(Collected data entries)
BEGIN

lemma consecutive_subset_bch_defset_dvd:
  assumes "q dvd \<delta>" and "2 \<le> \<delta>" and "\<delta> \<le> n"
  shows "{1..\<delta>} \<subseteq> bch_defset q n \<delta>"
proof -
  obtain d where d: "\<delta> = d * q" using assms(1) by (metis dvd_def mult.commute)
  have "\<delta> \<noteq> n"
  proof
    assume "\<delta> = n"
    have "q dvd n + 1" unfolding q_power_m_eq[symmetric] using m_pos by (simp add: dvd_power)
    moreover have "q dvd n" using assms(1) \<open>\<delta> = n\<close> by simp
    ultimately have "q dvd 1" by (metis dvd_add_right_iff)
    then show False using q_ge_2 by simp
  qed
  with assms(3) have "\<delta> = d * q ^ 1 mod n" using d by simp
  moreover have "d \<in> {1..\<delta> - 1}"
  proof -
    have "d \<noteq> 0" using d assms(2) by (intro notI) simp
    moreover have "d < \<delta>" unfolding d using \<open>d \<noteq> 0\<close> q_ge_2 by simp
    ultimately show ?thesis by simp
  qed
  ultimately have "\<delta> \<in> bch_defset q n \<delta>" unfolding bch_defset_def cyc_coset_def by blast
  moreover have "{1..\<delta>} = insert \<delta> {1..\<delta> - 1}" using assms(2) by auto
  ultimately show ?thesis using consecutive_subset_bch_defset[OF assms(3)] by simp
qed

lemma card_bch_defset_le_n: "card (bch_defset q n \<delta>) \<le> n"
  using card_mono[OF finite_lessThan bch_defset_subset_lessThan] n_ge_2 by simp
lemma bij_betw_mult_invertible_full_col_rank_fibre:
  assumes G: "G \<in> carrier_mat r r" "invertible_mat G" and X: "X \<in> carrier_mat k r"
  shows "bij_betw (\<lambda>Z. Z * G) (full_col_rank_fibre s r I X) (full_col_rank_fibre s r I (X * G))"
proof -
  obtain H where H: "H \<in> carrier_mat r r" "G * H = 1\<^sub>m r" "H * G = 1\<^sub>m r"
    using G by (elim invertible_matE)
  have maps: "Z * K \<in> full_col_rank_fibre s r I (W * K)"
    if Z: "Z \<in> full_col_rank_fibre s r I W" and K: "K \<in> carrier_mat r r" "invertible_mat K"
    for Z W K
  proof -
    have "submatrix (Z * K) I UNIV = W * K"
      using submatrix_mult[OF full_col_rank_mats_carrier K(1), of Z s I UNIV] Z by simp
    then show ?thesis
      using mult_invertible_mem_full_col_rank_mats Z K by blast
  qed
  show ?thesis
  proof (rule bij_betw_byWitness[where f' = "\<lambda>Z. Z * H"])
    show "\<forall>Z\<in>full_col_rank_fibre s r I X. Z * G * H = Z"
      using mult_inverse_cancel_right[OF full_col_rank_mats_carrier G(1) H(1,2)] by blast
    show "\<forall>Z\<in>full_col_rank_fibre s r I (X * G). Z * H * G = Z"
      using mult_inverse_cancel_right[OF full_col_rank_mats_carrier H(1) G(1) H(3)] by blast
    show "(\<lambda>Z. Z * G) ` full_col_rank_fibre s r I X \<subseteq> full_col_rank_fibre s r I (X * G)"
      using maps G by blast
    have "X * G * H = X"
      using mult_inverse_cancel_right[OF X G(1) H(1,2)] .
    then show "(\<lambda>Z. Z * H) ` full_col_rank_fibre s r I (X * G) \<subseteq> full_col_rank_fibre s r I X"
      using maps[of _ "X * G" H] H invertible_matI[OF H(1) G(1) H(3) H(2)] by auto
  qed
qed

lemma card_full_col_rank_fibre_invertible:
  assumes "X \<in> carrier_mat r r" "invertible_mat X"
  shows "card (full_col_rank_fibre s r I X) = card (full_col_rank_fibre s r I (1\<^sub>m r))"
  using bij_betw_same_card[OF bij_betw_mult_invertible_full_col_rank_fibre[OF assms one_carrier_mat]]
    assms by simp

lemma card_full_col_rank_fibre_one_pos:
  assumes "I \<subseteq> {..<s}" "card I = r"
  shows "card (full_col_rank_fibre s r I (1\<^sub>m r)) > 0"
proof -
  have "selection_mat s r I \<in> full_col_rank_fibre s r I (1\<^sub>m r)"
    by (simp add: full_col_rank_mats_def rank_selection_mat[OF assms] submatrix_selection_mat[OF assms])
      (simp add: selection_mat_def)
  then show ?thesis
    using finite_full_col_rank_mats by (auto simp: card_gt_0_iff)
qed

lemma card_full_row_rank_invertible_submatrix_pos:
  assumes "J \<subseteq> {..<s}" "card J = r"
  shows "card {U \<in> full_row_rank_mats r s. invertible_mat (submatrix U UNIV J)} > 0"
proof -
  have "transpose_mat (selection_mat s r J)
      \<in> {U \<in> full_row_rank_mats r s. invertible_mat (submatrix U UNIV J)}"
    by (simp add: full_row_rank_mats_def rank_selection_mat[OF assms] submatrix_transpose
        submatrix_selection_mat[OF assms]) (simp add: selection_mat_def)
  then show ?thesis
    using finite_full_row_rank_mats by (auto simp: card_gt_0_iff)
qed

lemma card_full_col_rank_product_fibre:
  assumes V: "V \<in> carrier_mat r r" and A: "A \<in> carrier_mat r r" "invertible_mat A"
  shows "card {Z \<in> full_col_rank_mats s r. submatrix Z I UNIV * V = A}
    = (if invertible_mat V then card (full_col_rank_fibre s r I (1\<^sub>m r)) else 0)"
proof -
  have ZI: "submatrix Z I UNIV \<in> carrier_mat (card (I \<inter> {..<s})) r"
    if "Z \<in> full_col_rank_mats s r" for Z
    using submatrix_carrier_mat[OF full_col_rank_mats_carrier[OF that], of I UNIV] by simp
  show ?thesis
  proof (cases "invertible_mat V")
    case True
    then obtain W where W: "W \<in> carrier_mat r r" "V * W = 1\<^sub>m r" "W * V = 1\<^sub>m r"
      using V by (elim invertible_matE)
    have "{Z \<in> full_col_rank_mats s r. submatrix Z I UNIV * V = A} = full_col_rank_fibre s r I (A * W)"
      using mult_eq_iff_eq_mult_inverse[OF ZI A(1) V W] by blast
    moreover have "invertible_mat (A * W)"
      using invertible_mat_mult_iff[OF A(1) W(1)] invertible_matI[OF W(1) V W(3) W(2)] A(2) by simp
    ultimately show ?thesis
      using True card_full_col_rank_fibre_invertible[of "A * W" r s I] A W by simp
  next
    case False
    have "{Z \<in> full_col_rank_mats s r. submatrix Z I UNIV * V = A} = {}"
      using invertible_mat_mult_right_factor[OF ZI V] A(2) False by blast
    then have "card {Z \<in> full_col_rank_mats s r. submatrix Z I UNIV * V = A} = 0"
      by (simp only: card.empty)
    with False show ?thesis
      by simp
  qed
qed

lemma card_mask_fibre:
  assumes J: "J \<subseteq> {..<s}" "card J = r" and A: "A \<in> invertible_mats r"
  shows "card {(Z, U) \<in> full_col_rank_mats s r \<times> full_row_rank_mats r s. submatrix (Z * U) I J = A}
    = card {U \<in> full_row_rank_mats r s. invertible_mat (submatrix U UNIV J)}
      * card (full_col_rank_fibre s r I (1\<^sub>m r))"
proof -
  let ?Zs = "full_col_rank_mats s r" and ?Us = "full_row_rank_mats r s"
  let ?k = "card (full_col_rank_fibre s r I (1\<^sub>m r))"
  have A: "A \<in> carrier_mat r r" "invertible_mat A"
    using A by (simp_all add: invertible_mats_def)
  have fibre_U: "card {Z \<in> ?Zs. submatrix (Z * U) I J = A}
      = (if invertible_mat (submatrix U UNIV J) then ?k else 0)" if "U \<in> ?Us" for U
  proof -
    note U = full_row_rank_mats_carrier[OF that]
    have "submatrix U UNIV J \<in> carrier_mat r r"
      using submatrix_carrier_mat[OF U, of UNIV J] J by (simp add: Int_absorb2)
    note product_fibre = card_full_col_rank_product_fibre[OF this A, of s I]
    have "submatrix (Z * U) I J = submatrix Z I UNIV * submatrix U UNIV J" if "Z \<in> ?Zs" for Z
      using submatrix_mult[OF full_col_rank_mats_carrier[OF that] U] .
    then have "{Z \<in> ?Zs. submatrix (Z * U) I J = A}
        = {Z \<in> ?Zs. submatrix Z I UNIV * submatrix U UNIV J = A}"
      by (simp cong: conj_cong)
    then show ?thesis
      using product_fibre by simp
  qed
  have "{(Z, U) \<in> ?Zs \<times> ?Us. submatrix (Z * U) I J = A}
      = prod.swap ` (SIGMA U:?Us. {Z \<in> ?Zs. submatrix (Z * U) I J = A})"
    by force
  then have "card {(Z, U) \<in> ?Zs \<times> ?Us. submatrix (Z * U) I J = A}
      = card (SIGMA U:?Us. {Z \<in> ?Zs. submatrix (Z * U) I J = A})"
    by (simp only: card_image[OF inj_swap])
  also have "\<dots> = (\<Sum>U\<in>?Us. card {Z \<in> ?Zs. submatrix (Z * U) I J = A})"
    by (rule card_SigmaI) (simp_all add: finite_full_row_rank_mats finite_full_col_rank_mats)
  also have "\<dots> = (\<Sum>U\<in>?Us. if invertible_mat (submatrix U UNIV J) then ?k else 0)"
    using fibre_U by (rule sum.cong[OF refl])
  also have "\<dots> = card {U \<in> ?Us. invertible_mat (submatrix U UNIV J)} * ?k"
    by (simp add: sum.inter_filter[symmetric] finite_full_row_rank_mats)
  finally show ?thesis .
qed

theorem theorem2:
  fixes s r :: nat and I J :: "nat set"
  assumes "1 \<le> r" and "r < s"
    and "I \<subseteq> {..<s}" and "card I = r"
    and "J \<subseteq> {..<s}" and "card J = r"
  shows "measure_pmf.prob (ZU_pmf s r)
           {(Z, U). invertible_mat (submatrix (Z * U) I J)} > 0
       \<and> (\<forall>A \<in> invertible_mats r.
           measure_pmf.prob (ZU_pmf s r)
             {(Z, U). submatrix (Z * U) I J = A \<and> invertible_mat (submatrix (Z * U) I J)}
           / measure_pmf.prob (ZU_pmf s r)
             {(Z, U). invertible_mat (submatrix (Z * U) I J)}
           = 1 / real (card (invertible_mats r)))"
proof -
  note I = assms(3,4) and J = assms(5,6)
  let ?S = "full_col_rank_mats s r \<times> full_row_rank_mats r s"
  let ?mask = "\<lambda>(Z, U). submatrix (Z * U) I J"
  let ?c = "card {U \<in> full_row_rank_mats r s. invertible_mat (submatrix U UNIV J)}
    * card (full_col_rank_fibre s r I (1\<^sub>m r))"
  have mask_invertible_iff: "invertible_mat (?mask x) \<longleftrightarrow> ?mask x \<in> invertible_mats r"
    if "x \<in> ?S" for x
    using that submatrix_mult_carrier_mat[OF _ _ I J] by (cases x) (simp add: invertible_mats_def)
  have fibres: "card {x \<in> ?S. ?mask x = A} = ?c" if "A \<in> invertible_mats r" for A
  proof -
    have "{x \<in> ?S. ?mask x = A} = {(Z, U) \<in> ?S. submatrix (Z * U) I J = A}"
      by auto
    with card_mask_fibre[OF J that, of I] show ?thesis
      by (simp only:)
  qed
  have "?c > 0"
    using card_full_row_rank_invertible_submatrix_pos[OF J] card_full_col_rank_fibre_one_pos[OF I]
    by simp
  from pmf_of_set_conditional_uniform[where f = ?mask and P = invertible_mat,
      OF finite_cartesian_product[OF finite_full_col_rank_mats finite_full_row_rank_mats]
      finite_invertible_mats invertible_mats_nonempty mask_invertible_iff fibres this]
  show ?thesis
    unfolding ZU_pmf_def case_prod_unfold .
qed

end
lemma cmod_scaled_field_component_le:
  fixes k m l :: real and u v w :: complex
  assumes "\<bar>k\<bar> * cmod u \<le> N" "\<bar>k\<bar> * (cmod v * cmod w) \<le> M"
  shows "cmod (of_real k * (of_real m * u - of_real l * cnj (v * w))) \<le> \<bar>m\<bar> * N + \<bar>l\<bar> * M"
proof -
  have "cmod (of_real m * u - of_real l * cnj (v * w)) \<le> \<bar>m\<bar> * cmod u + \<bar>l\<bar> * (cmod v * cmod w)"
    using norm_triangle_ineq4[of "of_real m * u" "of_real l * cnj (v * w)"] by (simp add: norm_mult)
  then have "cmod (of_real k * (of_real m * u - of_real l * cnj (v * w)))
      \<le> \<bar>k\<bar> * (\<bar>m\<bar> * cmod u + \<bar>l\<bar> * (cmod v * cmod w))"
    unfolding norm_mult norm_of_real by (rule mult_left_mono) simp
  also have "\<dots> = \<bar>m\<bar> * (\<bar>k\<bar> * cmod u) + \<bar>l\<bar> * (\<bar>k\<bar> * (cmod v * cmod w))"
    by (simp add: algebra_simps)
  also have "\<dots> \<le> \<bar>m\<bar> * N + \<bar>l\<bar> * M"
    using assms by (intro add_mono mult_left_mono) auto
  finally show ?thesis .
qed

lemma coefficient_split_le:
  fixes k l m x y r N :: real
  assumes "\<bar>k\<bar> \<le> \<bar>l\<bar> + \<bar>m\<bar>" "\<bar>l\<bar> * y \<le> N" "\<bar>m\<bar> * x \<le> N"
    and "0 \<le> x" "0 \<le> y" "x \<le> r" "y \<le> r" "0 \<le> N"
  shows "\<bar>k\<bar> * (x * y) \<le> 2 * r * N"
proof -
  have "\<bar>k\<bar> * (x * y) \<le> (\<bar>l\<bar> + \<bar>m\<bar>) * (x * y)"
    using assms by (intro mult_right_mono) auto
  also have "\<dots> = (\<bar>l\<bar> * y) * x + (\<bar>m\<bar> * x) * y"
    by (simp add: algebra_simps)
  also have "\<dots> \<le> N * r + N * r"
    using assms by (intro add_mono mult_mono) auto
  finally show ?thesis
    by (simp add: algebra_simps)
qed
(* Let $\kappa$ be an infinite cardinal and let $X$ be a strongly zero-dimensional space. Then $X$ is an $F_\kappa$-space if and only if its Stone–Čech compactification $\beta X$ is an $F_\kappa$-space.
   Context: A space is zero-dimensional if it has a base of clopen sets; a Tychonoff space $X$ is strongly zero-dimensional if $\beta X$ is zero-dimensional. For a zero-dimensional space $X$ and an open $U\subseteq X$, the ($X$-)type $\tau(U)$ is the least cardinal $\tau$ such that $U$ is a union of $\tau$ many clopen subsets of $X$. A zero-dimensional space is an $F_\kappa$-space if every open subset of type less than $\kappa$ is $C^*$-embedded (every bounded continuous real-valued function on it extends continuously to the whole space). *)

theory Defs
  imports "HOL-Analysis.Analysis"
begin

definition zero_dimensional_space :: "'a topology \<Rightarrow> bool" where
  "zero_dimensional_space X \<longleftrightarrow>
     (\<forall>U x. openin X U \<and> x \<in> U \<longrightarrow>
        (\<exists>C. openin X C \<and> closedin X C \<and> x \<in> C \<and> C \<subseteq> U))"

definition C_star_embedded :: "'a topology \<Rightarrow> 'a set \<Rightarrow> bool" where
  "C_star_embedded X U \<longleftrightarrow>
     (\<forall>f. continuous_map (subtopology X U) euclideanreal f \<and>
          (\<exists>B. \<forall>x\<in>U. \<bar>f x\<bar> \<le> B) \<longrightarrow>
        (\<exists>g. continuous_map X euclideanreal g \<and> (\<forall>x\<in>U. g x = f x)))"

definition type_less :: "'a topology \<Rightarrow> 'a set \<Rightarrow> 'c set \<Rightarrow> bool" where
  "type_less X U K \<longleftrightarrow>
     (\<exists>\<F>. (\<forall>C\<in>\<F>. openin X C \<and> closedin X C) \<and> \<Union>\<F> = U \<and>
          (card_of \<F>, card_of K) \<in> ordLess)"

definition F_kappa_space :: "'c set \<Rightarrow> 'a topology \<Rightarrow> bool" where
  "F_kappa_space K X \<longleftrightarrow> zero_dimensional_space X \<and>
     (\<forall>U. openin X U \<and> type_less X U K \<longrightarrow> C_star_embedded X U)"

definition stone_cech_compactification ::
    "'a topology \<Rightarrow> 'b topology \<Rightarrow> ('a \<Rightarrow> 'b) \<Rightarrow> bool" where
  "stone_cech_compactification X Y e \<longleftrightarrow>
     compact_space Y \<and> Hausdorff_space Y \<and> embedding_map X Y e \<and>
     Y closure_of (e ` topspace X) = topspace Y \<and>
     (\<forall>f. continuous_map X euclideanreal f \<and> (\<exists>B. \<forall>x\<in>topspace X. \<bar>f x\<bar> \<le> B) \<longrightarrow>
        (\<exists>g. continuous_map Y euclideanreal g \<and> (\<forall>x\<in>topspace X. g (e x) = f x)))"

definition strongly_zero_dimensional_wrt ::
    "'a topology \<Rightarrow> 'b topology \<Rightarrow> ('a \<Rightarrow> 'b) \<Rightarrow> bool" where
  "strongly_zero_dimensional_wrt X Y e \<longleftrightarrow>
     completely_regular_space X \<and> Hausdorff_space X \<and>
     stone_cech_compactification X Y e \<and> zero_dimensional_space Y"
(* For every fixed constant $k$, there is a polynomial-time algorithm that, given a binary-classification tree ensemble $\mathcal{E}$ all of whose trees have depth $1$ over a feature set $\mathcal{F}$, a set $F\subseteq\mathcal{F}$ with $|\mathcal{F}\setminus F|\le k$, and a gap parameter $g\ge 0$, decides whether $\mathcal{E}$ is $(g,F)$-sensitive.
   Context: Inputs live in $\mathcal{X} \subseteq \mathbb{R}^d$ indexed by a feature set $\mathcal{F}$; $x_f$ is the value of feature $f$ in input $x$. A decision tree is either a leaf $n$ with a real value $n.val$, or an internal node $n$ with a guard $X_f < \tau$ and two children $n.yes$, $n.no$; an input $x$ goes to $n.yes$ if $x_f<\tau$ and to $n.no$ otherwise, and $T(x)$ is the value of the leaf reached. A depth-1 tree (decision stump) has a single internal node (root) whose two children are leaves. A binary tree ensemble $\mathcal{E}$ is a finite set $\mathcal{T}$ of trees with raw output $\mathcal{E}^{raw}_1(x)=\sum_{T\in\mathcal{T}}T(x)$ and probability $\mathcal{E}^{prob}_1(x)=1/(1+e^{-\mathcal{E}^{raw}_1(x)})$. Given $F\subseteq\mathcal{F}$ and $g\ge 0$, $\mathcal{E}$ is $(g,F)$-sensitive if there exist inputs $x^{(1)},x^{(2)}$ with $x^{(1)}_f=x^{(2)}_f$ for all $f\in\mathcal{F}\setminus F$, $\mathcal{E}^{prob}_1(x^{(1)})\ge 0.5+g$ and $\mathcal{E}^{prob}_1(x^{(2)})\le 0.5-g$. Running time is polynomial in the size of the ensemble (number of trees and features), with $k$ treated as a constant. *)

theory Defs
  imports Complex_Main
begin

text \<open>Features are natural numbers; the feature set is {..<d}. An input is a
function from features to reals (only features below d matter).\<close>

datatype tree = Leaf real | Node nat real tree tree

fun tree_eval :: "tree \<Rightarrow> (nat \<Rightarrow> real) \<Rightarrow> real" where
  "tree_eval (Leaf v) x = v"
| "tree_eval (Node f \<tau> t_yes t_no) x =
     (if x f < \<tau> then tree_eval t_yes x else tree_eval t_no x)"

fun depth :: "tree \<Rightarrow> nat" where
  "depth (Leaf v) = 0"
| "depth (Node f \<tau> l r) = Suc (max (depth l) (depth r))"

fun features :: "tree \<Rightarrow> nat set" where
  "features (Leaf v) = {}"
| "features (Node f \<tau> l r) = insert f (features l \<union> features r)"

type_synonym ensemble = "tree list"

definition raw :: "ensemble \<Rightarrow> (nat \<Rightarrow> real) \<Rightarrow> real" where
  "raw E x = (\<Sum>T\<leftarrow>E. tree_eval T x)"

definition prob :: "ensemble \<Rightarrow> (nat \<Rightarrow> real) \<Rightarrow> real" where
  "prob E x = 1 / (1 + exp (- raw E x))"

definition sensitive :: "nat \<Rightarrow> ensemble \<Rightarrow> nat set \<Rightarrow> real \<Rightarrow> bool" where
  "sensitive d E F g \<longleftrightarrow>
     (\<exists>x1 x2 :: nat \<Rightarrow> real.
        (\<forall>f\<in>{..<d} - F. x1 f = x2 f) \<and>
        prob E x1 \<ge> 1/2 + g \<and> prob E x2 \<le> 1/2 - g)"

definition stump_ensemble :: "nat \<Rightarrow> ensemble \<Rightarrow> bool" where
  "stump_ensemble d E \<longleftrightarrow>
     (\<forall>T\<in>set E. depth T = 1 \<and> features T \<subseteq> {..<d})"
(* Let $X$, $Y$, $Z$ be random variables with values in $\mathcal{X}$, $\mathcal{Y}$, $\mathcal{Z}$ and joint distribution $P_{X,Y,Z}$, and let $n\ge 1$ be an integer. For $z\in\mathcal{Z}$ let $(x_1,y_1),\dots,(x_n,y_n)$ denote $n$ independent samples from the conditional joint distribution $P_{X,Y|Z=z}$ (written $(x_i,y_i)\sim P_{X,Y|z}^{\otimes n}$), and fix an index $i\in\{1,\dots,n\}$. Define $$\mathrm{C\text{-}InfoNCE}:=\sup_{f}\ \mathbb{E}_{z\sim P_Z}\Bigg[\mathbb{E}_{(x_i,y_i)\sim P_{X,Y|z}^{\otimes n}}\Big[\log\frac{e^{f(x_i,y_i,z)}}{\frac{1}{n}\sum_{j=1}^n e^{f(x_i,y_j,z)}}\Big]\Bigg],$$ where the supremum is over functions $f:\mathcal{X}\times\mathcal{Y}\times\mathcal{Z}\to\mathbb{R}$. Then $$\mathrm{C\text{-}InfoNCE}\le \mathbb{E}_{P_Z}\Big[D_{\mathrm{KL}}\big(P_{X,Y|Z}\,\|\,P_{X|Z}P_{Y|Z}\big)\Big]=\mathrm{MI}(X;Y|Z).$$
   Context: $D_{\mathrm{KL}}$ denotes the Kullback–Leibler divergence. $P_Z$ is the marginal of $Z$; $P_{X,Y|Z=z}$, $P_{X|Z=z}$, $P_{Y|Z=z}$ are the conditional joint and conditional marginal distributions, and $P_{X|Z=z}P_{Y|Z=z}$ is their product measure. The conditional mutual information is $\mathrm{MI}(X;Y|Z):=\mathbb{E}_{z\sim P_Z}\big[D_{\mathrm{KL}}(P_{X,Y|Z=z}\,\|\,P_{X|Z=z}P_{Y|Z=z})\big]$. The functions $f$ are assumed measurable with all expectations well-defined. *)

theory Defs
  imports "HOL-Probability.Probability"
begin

END

▶ **Task description**
Please reproduce exactly the lines from the first one of the records above through the line containing "by (metis dvd_add_right_iff)", both included, and nothing else.

▶ **Expected output**
lemma consecutive_subset_bch_defset_dvd:
  assumes "q dvd \<delta>" and "2 \<le> \<delta>" and "\<delta> \<le> n"
  shows "{1..\<delta>} \<subseteq> bch_defset q n \<delta>"
proof -
  obtain d where d: "\<delta> = d * q" using assms(1) by (metis dvd_def mult.commute)
  have "\<delta> \<noteq> n"
  proof
    assume "\<delta> = n"
    have "q dvd n + 1" unfolding q_power_m_eq[symmetric] using m_pos by (simp add: dvd_power)
    moreover have "q dvd n" using assms(1) \<open>\<delta> = n\<close> by simp
    ultimately have "q dvd 1" by (metis dvd_add_right_iff)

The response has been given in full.